Now, unfortunately, we don’t have to imagine what a real crisis looks like.
The coronavirus crisis presents unprecedented challenges to our public health system, devastating our economy, and completely halting our way of being. This outbreak has forced America to put its manufactured crises aside. Our society has fallen back on its most basic functions that are often taken for granted and, hopefully, gained a new appreciation for them.
Energy has always played an indispensable role in our lives, but it’s come under the spotlight as it helps fuel our coronavirus relief efforts. This industry is powering ventilators and other vital hospital supplies; fueling the vehicles that deliver those health care supplies and the goods of businesses trying to stay afloat; and allowing the simple necessities of turning on your lights and TV.
It has never been more important that America has energy.

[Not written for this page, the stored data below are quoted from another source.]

lemma Gr_antimono:
  assumes "agg_run lk d p Pseq hs" and "\<rho>' \<le> \<rho>"
  shows "Gr p Pseq hs j \<rho> \<subseteq> Gr p Pseq hs j \<rho>'"
proof
  fix j' assume "j' \<in> Gr p Pseq hs j \<rho>"
  then obtain C where "j' \<noteq> j" "C \<in> cut_partition p Pseq hs (1 - \<rho>)" "j \<in> C" "j' \<in> C"
    unfolding Gr_def by blast
  moreover obtain C' where "C' \<in> cut_partition p Pseq hs (1 - \<rho>')" "C \<subseteq> C'"
    using cut_partition_refines[OF assms(1) _ \<open>C \<in> cut_partition p Pseq hs (1 - \<rho>)\<close>, of "1 - \<rho>'"]
      \<open>\<rho>' \<le> \<rho>\<close> by auto
  ultimately show "j' \<in> Gr p Pseq hs j \<rho>'"
    unfolding Gr_def by blast
qed

lemma V_hat_plus_antimono:
  assumes "agg_run lk d p Pseq hs" and "K \<ge> 1" and "T \<le> L" and "\<rho>' \<le> \<rho>"
  shows "V_hat_plus K p paths T L Pseq hs \<rho> \<le> V_hat_plus K p paths T L Pseq hs \<rho>'"
  unfolding V_hat_plus_def
proof (rule sum_mono)
  fix t assume "t \<in> {1..T}"
  then have "0 < real L - (real t - 1)"
    using \<open>T \<le> L\<close> by auto
  moreover have "Psi_plus (trex_Phi K p paths T) (Gr p Pseq hs q \<rho>') q
      \<le> Psi_plus (trex_Phi K p paths T) (Gr p Pseq hs q \<rho>) q" for q
    using Gr_antimono[OF assms(1,4)] trex_Phi_bounds[OF \<open>K \<ge> 1\<close>] finite_range_trex_Phi
    by (rule Psi_plus_antimono)
  ultimately show "(real p - (\<Sum>q = 1..p. Psi_plus (trex_Phi K p paths T) (Gr p Pseq hs q \<rho>) q
        * trex_Phi K p paths t q)) / (real L - (real t - 1))
      \<le> (real p - (\<Sum>q = 1..p. Psi_plus (trex_Phi K p paths T) (Gr p Pseq hs q \<rho>') q
        * trex_Phi K p paths t q)) / (real L - (real t - 1))"
    using trex_Phi_bounds[OF \<open>K \<ge> 1\<close>]
    by (intro divide_right_mono diff_left_mono sum_mono mult_right_mono) auto
qed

Recently AOC made the mistake of a rookie politician: she was too honest. In a now deleted tweet, she rejoiced at the collapse of the energy industry saying “you absolutely love to see it.” Millions losing their jobs would argue otherwise…but that isn’t her point. AOC thinks the end of the fossil fuel industry will hasten some green future.
The inadequacy of green technology (and it is completely undable to power our nation) is the subject for another article. But imagine this: what if, in addition to the coronavirus crisis, our electric grid was failing? What if our gas lines were as severe as our food lines? What if on top of death from the virus there was a spike in deaths from extreme cold or heat? AOC would be the first to summon people to the hallowed halls of Congress for the all important “hearing.” There would be admonitions and accusations and lots and lots of haughty sanctimony.

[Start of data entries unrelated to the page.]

lemma sum_M_split:
  "(\<Sum>l\<in>{0..n+1}. \<Sum>m\<in>{0..n+1}. X l * M l m * Y m)
    = X 0 * Y (n+1) + (\<Sum>l\<in>{1..n}. \<Sum>m\<in>{1..n}. X l * eta_inv l m * Y m) + X (n+1) * Y 0"
proof -
  have inner: "(\<Sum>m\<in>{0..n+1}. X l * M l m * Y m) = (\<Sum>m\<in>{1..n}. X l * eta_inv l m * Y m)"
    if l: "l \<in> {1..n}" for l
  proof -
    have "M l 0 = 0" "M l (n+1) = 0"
      using M_sym[of l 0] M_sym[of l "n+1"] M_0[of l] M_last[of l] l by auto
    then show ?thesis
      unfolding sum_split_ends using l by (auto simp: M_inner intro!: sum.cong)
  qed
  have first: "(\<Sum>m\<in>{0..n+1}. X 0 * M 0 m * Y m) = X 0 * Y (n+1)"
    unfolding sum_split_ends by (simp add: M_0)
  have last: "(\<Sum>m\<in>{0..n+1}. X (n+1) * M (n+1) m * Y m) = X (n+1) * Y 0"
    unfolding sum_split_ends by (simp add: M_last[simplified])
  have "(\<Sum>l\<in>{0..n+1}. \<Sum>m\<in>{0..n+1}. X l * M l m * Y m)
      = (\<Sum>m\<in>{0..n+1}. X 0 * M 0 m * Y m) + (\<Sum>l\<in>{1..n}. \<Sum>m\<in>{0..n+1}. X l * M l m * Y m)
        + (\<Sum>m\<in>{0..n+1}. X (n+1) * M (n+1) m * Y m)"
    by (rule sum_split_ends)
  also have "(\<Sum>l\<in>{1..n}. \<Sum>m\<in>{0..n+1}. X l * M l m * Y m)
      = (\<Sum>l\<in>{1..n}. \<Sum>m\<in>{1..n}. X l * eta_inv l m * Y m)"
    by (rule sum.cong[OF refl inner])
  finally show ?thesis
    unfolding first last .
qed

lemma sum_M_unit:
  assumes a: "a \<in> {0..n+1}" and X: "\<forall>l\<in>{0..n+1}. X l = eta_tilde n eta a l"
  shows "(\<Sum>l\<in>{0..n+1}. \<Sum>m\<in>{0..n+1}. X l * M l m * Y m) = Y a"
proof -
  let ?J = "{0..n+1}"
  have "(\<Sum>l\<in>?J. \<Sum>m\<in>?J. X l * M l m * Y m) = (\<Sum>l\<in>?J. X l * (\<Sum>m\<in>?J. M l m * Y m))"
    by (simp add: sum_distrib_left mult.assoc del: sum.cl_ivl_Suc)
  also have "\<dots> = (\<Sum>l\<in>?J. eta_tilde n eta a l * (\<Sum>m\<in>?J. M l m * Y m))"
    using X by (intro sum.cong refl) simp
  also have "\<dots> = (\<Sum>m\<in>?J. (\<Sum>l\<in>?J. eta_tilde n eta a l * M l m) * Y m)"
    by (rule sum_mult_sum_swap)
  also have "\<dots> = (\<Sum>m\<in>?J. (if a = m then 1 else 0) * Y m)"
    using eta_tilde_M a by (intro sum.cong refl) simp
  also have "\<dots> = Y a"
    using a by (simp add: if_zero_distribs)
  finally show ?thesis .
qed

lemma sum_M_bilinear_commute:
  "(\<Sum>l\<in>{0..n+1}. \<Sum>m\<in>{0..n+1}. X l * M l m * Y m)
    = (\<Sum>l\<in>{0..n+1}. \<Sum>m\<in>{0..n+1}. Y l * M l m * X m)"
  using M_sym by (intro sum_bilinear_commute) blast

But that didn’t happen because energy workers are still doing their job. And we’ve barely even noticed. Sure, when there’s no flour at the market it makes the news. Imagine families in the dark and cold.
Sometimes we don’t notice how good life is until there’s a disruption.

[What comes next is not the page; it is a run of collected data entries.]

lemma excess_loss_prob_le:
  fixes Lam :: "'x \<Rightarrow> 'xh::finite \<Rightarrow> real" and H :: "'z \<Rightarrow> 'x \<Rightarrow> real"
    and Shat :: "'z list \<Rightarrow> ('z \<Rightarrow> 'xh) list"
  assumes right_inv: "\<And>x x'. (\<Sum>z\<in>UNIV. Ch x z * H z x') = (if x = x' then 1 else 0)"
    and loss_nonneg: "\<And>x xh. Lam x xh \<ge> 0"
    and len: "length xs = n" and n_pos: "n > 0"
    and Shat_in: "\<And>zs. length zs = n \<Longrightarrow> Shat zs \<in> S0m n m"
    and Shat_min: "\<And>zs S. length zs = n \<Longrightarrow> S \<in> S0m n m \<Longrightarrow>
                      est_loss_S Ch Lam H (Shat zs) zs \<le> est_loss_S Ch Lam H S zs"
    and eps: "eps \<ge> 0"
  shows "chan_prob Ch xs (\<lambda>zs. loss_S Lam (Shat zs) xs zs - D0m Lam m xs zs > eps)
    \<le> real (card (S0m n m :: ('z \<Rightarrow> 'xh) list set))
        * (2 * exp (- real n * (eps\<^sup>2 / (2 * (L_max Ch Lam H)\<^sup>2))))"
    (is "chan_prob Ch xs ?excess \<le> real (card ?S) * ?bound")
proof (cases "L_max Ch Lam H = 0")
  case True
  \<comment> \<open>Then the exponent is a division by zero, i.e. 0, and the bound is trivial.\<close>
  have "chan_prob Ch xs ?excess \<le> 1"
    by (rule chan_prob_le_1)
  also have "1 \<le> real (card ?S)"
    using card_S0m_pos[where 'a='z and 'b='xh, of n m] by (simp add: Suc_le_eq)
  also have "\<dots> \<le> real (card ?S) * ?bound"
    using True by simp
  finally show ?thesis .
next
  case False
  hence L_pos: "L_max Ch Lam H > 0"
    using L_max_nonneg[where Lam = Lam and Ch = Ch and H = H, OF loss_nonneg] by simp
  define dev where "dev S = {f. eps / 2 \<le>
      \<bar>loss_S Lam S xs (map f [0..<n]) - est_loss_S Ch Lam H S (map f [0..<n])\<bar>}" for S
  have excess_subset: "{f. ?excess (map f [0..<n])} \<subseteq> (\<Union>S\<in>?S. dev S)"
  proof
    fix f assume "f \<in> {f. ?excess (map f [0..<n])}"
    define zs where "zs = map f [0..<n]"
    have zs_len: "length zs = n" by (simp add: zs_def)
    obtain S where S: "S \<in> ?S" "D0m Lam m xs zs = loss_S Lam S xs zs"
      using D0m_attained[where Lam = Lam and m = m and xs = xs and zs = zs] len by blast
    have "loss_S Lam (Shat zs) xs zs - loss_S Lam S xs zs > eps"
      using \<open>f \<in> _\<close> S(2) by (simp add: zs_def)
    moreover have "est_loss_S Ch Lam H (Shat zs) zs \<le> est_loss_S Ch Lam H S zs"
      using Shat_min[OF zs_len S(1)] .
    ultimately have "eps / 2 \<le> \<bar>loss_S Lam (Shat zs) xs zs - est_loss_S Ch Lam H (Shat zs) zs\<bar>
        \<or> eps / 2 \<le> \<bar>loss_S Lam S xs zs - est_loss_S Ch Lam H S zs\<bar>"
      by linarith
    hence "f \<in> dev (Shat zs) \<or> f \<in> dev S"
      by (simp add: dev_def zs_def)
    thus "f \<in> (\<Union>S\<in>?S. dev S)"
      using S(1) Shat_in[OF zs_len] by blast
  qed
  have dev_prob: "measure_pmf.prob (output_seq_pmf xs) (dev S) \<le> ?bound" if "S \<in> ?S" for S
  proof -
    have "length S = length xs" "xs \<noteq> []"
      using that len n_pos by (auto simp: S0m_def)
    from loss_estimate_deviation_prob_le[OF right_inv loss_nonneg this L_pos, of "eps / 2"]
    have "measure_pmf.prob (output_seq_pmf xs) (dev S)
        \<le> 2 * exp (- 2 * real n * (eps / 2)\<^sup>2 / (L_max Ch Lam H)\<^sup>2)"
      using eps len by (simp add: dev_def)
    also have "- 2 * real n * (eps / 2)\<^sup>2 / (L_max Ch Lam H)\<^sup>2
        = - real n * (eps\<^sup>2 / (2 * (L_max Ch Lam H)\<^sup>2))"
      by (simp add: power_divide)
    finally show ?thesis .
  qed
  have "chan_prob Ch xs ?excess = measure_pmf.prob (output_seq_pmf xs) {f. ?excess (map f [0..<n])}"
    using len by (simp add: chan_prob_eq_prob_output_seq)
  also have "\<dots> \<le> measure_pmf.prob (output_seq_pmf xs) (\<Union>S\<in>?S. dev S)"
    using excess_subset by (rule measure_pmf.finite_measure_mono) simp
  also have "\<dots> \<le> (\<Sum>S\<in>?S. measure_pmf.prob (output_seq_pmf xs) (dev S))"
    using finite_S0m by (intro measure_pmf.finite_measure_subadditive_finite) auto
  also have "\<dots> \<le> (\<Sum>S\<in>?S. ?bound)"
    using dev_prob by (rule sum_mono)
  also have "\<dots> = real (card ?S) * ?bound"
    by simp
  finally show ?thesis .
qed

In the face of a real crisis, stripped of our usual level of comfort, society has subconsciously embraced the truth that we need fossil fuels. Activists no longer have the time to seek out problems and make unproven accusations, or the emotional bandwidth to spin those baseless problems into a “crisis”. Like the rest of us, they only want an energy supply that will power America’s hospitals and enable employees to continue working from home.
Americans have united around efforts to produce as much personal protective equipment (PPE) as possible and any kind of medicine that may be able to keep us healthy. It’s no longer a concern where these products come from or how they are made. There are no protests over the fact that fossil fuels are the foundation for 80% to 90% of the pharmaceuticals we use, or that many of the surgical masks and PPE being created are made from them as well. The usual calls for renewable energy have also fallen silent – there’s no denying the need for fossil fuels, which generates 63% of America’s electricity, when lives immediately depend on it.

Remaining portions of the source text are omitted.